Every line of the entries that holds the word "midpoint" is to be copied.

> Record excerpts:
────────────────────
(* Let $a<b$, $n\ge 1$, $h=(b-a)/n$, $x_k=a+kh$, and let $S^n_{5,1}$ and the Gaussian quadrature rule be as in the context. Then for every $k=1,\dots,n$ the open interval $J_k=(x_{k-1},x_k)$ contains at least two nodes of the Gaussian quadrature rule.
   Context: $S^n_{5,1}=\{f\in C^1[a,b]:\ f|_{(x_{k-1},x_k)}\text{ is a polynomial of degree}\le 5,\ k=1,\dots,n\}$; it has dimension $4n+2$. A Gaussian quadrature rule for $S^n_{5,1}$ is a rule $f\mapsto\sum_{i=1}^{2n+1}\omega_i f(\tau_i)$ with $2n+1$ distinct nodes $\tau_i\in[a,b]$ and positive weights $\omega_i>0$ such that $\int_a^b f(t)\,dt=\sum_{i=1}^{2n+1}\omega_i f(\tau_i)$ for every $f\in S^n_{5,1}$ (by a result of Micchelli and Pinkus, $2n+1$ is the minimal number of nodes of a rule exact on $S^n_{5,1}$, and such a rule exists). *)

theory Defs
  imports "HOL-Analysis.Analysis" "HOL-Computational_Algebra.Polynomial"
begin

definition knot :: "real \<Rightarrow> real \<Rightarrow> nat \<Rightarrow> nat \<Rightarrow> real" where
  "knot a b n k = a + real k * ((b - a) / real n)"

definition C1_on :: "real \<Rightarrow> real \<Rightarrow> (real \<Rightarrow> real) \<Rightarrow> bool" where
  "C1_on a b f \<longleftrightarrow> (\<exists>f'. (\<forall>x\<in>{a..b}. (f has_real_derivative f' x) (at x within {a..b}))
                         \<and> continuous_on {a..b} f')"

definition spline51 :: "real \<Rightarrow> real \<Rightarrow> nat \<Rightarrow> (real \<Rightarrow> real) set" where
  "spline51 a b n = {f. C1_on a b f \<and>
     (\<forall>k\<in>{1..n}. \<exists>p :: real poly. degree p \<le> 5 \<and>
        (\<forall>x\<in>{knot a b n (k - 1)<..<knot a b n k}. f x = poly p x))}"

definition gaussian_rule51 :: "real \<Rightarrow> real \<Rightarrow> nat \<Rightarrow> (nat \<Rightarrow> real) \<Rightarrow> (nat \<Rightarrow> real) \<Rightarrow> bool" where
  "gaussian_rule51 a b n \<tau> \<omega> \<longleftrightarrow>
     inj_on \<tau> {..<2*n+1} \<and>
     (\<forall>i<2*n+1. \<tau> i \<in> {a..b} \<and> \<omega> i > 0) \<and>
     (\<forall>f\<in>spline51 a b n. integral {a..b} f = (\<Sum>i<2*n+1. \<omega> i * f (\<tau> i)))"

end

theory Submission
  imports Defs
begin

text \<open>Suppose some cell J contained at most one node. In the local coordinate s \<in> [0,1] of J,
  the C1 quintic bump s^2(1 - s)^2(s - 1/2), extended by zero, has integral 0, so the rule
  forces that node to be the midpoint of J. Next, if the nodes of a cell all sit at its midpoint,
  the three-cell spline -s^2(1 - s)(s - 1/2)^2, s(1 - s)(s - 1/2)^2, -s(1 - s)^2(s - 1/2)^2
  centred on that cell has integral 0 and is \<le> 0 at every node; positivity of the weights makes it
  vanish at every node, which puts the nodes of the cell to the left at its midpoint as well.
  Propagating to the first cell, or starting in the last one, the boundary spline
  s(1 - s)^2(s - 1/2)^2 on the first cell (resp. s^2(1 - s)(s - 1/2)^2 on the last one) vanishes
  at every node but has positive integral: a contradiction.\<close>

definition trunc :: "real \<Rightarrow> (real \<Rightarrow> real) \<Rightarrow> real \<Rightarrow> real" where
  "trunc c g t = (if c \<le> t then g t else 0)"

lemma has_real_derivative_trunc:
  assumes "\<And>x. (g has_real_derivative g' x) (at x)" and "g c = 0" and "g' c = 0"
  shows "(trunc c g has_real_derivative trunc c g' t) (at t)"
proof -
  have "((\<lambda>x. if x \<in> {c..} then g x else 0) has_vector_derivative
          (if t \<in> {c..} then g' t else 0)) (at t within UNIV)"
  proof (rule has_vector_derivative_If_within_closures[where T = "{..<c}"])
    show "(g has_vector_derivative g' x) (at x within {c..} \<union> (closure {c..} \<inter> closure {..<c}))"
      for x
      using assms(1)[of x]
      unfolding has_real_derivative_iff_has_vector_derivative[symmetric]
      by (rule has_field_derivative_at_within)
  qed (use assms(2,3) in auto)
  then show ?thesis
    unfolding trunc_def[abs_def] by (simp add: has_real_derivative_iff_has_vector_derivative)
qed

lemma continuous_on_trunc:
  assumes "continuous_on UNIV g" and "g c = 0"
  shows "continuous_on S (trunc c g)"
proof -
  have "trunc c g = (\<lambda>t. g (max c t))"
    using assms(2) by (auto simp: trunc_def fun_eq_iff max_def)
  moreover have "continuous_on S (\<lambda>t. max c t)"
    by (intro continuous_intros)
  then have "continuous_on S (\<lambda>t. g (max c t))"
    using continuous_on_compose2[OF assms(1)] by blast
  ultimately show ?thesis by simp
qed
────────────────────
> Response to the task:
  forces that node to be the midpoint of J. Next, if the nodes of a cell all sit at its midpoint,
  vanish at every node, which puts the nodes of the cell to the left at its midpoint as well.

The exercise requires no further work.